__What you have to do__.
As the answer, set down the lines below from the one containing "then show ?thesis" through the one containing "(* There exist", exactly and inclusively, and no others.

START Available data

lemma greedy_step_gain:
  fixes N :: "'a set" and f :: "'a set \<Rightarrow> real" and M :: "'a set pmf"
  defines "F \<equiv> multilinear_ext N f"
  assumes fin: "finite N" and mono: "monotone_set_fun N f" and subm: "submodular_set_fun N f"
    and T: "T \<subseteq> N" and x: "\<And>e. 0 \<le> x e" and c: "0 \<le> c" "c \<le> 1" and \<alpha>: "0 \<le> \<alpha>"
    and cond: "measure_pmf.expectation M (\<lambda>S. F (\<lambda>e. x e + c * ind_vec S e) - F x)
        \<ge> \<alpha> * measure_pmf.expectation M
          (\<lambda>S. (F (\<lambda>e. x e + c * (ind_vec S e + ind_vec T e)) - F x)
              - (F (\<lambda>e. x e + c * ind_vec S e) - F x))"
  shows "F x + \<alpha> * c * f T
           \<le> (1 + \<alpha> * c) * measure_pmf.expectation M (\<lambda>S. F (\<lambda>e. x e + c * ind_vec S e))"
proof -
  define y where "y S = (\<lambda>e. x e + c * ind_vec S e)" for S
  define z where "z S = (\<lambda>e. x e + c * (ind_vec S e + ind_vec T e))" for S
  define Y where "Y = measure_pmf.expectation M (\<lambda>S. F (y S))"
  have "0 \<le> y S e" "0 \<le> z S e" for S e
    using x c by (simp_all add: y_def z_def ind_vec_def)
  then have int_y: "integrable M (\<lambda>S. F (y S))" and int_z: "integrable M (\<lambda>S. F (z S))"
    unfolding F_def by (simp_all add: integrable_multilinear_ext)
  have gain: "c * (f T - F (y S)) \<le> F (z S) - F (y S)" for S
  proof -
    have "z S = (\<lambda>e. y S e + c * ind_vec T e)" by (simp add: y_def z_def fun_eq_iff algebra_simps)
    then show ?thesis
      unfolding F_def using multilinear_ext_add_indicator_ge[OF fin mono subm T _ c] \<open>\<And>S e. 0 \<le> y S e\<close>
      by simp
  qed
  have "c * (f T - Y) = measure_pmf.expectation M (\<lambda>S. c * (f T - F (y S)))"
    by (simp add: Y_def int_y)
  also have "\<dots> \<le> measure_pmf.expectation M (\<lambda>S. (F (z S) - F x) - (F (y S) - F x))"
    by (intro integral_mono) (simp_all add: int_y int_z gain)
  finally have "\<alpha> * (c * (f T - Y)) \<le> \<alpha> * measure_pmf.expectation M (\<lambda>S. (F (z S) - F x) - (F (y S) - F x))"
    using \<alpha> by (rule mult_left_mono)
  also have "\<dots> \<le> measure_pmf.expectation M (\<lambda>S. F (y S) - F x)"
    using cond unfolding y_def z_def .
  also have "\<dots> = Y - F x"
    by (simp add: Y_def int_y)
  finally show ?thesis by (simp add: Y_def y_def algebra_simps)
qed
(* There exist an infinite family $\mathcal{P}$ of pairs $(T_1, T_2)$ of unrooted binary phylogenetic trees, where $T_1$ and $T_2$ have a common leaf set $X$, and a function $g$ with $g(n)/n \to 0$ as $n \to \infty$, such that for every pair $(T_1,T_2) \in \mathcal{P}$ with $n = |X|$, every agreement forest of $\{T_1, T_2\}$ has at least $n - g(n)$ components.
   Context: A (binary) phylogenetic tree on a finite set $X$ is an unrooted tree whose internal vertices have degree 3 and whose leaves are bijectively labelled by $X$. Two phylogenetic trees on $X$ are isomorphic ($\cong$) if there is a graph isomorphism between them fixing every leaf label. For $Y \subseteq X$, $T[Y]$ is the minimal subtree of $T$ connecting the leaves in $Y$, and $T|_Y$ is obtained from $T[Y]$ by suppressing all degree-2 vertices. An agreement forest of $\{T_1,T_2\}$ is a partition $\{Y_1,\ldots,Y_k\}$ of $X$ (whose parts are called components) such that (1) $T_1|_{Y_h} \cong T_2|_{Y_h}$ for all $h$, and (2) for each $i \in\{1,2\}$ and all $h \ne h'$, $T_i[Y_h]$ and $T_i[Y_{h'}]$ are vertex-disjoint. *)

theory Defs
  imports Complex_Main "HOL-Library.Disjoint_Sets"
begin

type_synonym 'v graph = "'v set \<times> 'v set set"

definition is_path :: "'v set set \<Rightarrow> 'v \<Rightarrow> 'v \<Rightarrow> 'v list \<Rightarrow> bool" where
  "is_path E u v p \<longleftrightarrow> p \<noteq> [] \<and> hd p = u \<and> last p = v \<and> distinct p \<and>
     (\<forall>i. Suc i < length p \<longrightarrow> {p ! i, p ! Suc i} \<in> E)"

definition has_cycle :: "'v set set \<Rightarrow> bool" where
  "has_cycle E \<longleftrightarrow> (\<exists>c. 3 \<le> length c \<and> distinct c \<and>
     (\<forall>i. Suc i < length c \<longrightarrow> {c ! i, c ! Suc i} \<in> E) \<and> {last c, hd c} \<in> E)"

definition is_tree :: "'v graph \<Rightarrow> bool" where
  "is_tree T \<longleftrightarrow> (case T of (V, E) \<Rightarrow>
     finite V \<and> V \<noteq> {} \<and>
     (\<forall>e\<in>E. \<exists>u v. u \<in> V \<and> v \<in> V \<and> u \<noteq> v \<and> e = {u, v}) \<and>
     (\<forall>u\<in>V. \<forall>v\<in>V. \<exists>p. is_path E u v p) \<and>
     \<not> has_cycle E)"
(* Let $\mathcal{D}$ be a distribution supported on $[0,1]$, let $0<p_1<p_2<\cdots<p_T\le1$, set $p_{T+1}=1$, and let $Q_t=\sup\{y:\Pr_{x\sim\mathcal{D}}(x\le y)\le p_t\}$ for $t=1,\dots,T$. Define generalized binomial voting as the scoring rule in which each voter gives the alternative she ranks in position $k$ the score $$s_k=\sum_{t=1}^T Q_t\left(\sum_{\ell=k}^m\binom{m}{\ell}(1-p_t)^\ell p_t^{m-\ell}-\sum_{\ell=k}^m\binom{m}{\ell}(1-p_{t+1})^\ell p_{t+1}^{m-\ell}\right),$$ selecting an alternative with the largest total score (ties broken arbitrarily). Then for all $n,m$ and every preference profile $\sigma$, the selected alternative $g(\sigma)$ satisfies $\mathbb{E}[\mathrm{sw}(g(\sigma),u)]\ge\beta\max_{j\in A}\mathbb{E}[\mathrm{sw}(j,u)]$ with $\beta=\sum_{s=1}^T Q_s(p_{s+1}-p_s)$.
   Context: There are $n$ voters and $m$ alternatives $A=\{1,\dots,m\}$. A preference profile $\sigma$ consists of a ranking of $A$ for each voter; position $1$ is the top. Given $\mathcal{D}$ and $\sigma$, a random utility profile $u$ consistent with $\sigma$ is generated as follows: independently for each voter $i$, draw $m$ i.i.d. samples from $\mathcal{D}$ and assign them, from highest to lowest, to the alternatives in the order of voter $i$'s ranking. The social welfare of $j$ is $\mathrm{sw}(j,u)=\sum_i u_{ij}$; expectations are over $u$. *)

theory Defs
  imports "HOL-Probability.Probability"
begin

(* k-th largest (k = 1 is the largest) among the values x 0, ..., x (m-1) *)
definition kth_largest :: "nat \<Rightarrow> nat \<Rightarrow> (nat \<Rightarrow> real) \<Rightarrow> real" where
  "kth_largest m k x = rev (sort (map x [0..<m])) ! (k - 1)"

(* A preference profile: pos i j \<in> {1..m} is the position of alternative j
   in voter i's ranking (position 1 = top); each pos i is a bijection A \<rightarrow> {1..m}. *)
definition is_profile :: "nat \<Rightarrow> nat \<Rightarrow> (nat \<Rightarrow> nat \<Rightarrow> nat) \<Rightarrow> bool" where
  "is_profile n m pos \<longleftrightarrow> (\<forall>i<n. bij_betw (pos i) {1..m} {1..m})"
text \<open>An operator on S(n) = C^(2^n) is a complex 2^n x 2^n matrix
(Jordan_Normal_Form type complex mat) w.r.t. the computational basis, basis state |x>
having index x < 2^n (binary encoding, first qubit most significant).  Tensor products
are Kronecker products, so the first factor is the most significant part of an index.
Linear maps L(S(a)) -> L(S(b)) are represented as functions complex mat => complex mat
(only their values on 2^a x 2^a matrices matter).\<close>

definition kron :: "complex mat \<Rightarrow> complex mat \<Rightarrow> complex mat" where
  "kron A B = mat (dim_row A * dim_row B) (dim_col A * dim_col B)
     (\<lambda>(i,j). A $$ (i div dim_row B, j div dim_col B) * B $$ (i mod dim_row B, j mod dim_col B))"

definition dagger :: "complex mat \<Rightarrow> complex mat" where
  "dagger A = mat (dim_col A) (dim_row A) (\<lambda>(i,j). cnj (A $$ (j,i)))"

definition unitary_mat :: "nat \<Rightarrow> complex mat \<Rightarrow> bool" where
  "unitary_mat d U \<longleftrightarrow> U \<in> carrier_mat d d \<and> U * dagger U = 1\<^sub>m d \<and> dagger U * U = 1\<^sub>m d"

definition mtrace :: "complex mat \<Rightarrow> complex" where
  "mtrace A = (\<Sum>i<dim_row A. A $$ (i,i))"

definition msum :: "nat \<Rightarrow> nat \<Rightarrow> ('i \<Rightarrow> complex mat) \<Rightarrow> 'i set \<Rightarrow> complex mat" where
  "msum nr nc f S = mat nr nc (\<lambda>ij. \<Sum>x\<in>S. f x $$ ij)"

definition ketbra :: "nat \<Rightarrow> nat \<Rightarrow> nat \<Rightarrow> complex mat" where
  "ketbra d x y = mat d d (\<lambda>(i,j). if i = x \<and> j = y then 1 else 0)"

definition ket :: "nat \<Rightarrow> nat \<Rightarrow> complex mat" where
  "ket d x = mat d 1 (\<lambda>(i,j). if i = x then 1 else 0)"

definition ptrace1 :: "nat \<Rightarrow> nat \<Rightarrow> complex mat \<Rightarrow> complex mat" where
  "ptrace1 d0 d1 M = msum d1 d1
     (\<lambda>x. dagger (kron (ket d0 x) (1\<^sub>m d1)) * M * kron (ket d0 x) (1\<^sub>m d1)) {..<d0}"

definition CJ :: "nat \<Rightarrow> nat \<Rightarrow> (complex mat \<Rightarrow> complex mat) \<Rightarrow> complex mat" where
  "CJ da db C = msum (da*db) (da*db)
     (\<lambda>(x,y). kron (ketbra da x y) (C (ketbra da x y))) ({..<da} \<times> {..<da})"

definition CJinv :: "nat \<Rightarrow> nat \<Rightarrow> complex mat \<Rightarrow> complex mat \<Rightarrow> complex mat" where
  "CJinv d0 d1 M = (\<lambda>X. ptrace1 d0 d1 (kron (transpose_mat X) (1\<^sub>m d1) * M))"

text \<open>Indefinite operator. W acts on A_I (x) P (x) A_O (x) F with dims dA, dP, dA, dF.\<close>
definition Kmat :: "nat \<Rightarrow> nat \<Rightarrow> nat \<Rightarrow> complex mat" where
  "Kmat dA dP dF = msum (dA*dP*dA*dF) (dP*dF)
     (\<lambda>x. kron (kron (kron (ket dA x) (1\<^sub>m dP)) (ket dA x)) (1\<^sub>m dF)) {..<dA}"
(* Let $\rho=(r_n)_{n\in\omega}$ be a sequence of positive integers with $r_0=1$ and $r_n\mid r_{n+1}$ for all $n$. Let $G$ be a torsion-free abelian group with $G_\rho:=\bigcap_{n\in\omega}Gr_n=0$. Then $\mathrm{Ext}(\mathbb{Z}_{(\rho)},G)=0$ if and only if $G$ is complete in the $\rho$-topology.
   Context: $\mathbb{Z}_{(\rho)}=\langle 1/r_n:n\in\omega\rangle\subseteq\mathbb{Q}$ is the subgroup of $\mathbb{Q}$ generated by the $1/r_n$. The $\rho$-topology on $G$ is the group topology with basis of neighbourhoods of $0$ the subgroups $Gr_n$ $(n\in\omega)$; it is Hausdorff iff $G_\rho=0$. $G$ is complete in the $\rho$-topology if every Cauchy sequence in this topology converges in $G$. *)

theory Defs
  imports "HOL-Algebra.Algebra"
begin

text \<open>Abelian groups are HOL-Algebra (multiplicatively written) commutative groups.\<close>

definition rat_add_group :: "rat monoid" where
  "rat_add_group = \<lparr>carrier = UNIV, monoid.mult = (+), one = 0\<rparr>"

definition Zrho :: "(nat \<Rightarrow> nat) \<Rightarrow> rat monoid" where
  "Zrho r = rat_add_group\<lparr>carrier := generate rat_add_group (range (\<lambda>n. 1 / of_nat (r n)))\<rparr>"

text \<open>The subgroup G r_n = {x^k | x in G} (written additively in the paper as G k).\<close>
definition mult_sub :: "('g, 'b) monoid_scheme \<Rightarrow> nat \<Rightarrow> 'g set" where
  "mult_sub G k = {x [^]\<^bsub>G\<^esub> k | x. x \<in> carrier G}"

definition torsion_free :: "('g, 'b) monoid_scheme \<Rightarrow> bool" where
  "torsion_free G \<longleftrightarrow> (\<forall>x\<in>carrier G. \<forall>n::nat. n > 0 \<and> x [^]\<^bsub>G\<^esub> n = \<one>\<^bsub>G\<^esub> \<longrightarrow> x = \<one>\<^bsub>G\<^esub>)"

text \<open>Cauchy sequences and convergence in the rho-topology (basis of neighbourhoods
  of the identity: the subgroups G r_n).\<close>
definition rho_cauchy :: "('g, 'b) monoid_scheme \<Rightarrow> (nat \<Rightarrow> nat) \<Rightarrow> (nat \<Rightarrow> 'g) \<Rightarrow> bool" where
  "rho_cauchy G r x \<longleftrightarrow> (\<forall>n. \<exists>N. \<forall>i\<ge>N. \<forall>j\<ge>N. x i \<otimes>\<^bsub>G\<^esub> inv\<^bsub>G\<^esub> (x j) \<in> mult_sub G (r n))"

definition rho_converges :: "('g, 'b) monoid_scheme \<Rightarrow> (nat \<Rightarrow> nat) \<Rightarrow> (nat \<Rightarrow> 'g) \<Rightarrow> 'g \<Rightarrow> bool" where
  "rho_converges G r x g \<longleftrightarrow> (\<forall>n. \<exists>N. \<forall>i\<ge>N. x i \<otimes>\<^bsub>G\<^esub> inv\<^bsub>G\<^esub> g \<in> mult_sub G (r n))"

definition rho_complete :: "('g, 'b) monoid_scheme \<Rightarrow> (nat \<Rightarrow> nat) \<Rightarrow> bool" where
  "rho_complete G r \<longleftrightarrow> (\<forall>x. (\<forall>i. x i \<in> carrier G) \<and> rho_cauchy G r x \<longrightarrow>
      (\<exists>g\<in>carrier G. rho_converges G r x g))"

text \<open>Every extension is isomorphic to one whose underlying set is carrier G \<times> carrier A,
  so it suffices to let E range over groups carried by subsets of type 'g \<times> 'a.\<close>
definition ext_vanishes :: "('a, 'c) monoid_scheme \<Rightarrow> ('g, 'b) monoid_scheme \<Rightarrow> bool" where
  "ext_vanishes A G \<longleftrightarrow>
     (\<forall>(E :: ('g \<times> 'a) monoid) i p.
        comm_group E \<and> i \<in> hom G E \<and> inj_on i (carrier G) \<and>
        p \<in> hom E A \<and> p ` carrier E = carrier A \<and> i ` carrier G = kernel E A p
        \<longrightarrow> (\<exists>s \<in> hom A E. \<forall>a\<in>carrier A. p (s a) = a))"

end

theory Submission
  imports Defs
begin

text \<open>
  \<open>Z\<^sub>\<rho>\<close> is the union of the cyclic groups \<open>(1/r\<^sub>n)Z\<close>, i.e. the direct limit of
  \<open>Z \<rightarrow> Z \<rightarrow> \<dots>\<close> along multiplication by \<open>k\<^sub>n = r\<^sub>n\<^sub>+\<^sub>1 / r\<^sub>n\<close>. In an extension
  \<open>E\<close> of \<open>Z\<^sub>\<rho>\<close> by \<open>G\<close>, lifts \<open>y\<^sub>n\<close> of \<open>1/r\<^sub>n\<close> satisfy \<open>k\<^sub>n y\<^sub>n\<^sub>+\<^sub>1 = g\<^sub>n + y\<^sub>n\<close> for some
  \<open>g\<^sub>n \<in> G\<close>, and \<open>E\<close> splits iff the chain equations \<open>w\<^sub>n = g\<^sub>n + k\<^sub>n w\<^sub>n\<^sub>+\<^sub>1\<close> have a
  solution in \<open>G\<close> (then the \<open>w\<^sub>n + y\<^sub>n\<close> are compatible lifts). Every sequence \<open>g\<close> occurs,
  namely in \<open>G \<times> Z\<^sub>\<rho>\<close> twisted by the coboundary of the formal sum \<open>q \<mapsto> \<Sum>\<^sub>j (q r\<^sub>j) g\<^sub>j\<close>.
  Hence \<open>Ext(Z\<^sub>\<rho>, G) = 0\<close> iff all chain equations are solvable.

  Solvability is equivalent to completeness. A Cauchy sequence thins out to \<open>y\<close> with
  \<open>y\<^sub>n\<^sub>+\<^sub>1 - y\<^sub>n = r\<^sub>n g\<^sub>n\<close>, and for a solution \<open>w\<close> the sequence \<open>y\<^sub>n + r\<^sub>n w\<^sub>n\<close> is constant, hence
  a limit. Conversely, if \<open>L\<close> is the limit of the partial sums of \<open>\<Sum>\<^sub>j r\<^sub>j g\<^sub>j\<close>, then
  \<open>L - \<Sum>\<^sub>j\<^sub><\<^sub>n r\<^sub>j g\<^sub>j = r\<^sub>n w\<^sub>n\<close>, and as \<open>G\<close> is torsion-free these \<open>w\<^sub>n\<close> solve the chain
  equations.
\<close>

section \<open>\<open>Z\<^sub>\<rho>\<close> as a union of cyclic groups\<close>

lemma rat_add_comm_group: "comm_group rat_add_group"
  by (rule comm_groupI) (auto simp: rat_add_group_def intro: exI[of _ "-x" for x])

END Available data

__Written answer__.
    then show ?thesis
      unfolding F_def using multilinear_ext_add_indicator_ge[OF fin mono subm T _ c] \<open>\<And>S e. 0 \<le> y S e\<close>
      by simp
  qed
  have "c * (f T - Y) = measure_pmf.expectation M (\<lambda>S. c * (f T - F (y S)))"
    by (simp add: Y_def int_y)
  also have "\<dots> \<le> measure_pmf.expectation M (\<lambda>S. (F (z S) - F x) - (F (y S) - F x))"
    by (intro integral_mono) (simp_all add: int_y int_z gain)
  finally have "\<alpha> * (c * (f T - Y)) \<le> \<alpha> * measure_pmf.expectation M (\<lambda>S. (F (z S) - F x) - (F (y S) - F x))"
    using \<alpha> by (rule mult_left_mono)
  also have "\<dots> \<le> measure_pmf.expectation M (\<lambda>S. F (y S) - F x)"
    using cond unfolding y_def z_def .
  also have "\<dots> = Y - F x"
    by (simp add: Y_def int_y)
  finally show ?thesis by (simp add: Y_def y_def algebra_simps)
qed
(* There exist an infinite family $\mathcal{P}$ of pairs $(T_1, T_2)$ of unrooted binary phylogenetic trees, where $T_1$ and $T_2$ have a common leaf set $X$, and a function $g$ with $g(n)/n \to 0$ as $n \to \infty$, such that for every pair $(T_1,T_2) \in \mathcal{P}$ with $n = |X|$, every agreement forest of $\{T_1, T_2\}$ has at least $n - g(n)$ components.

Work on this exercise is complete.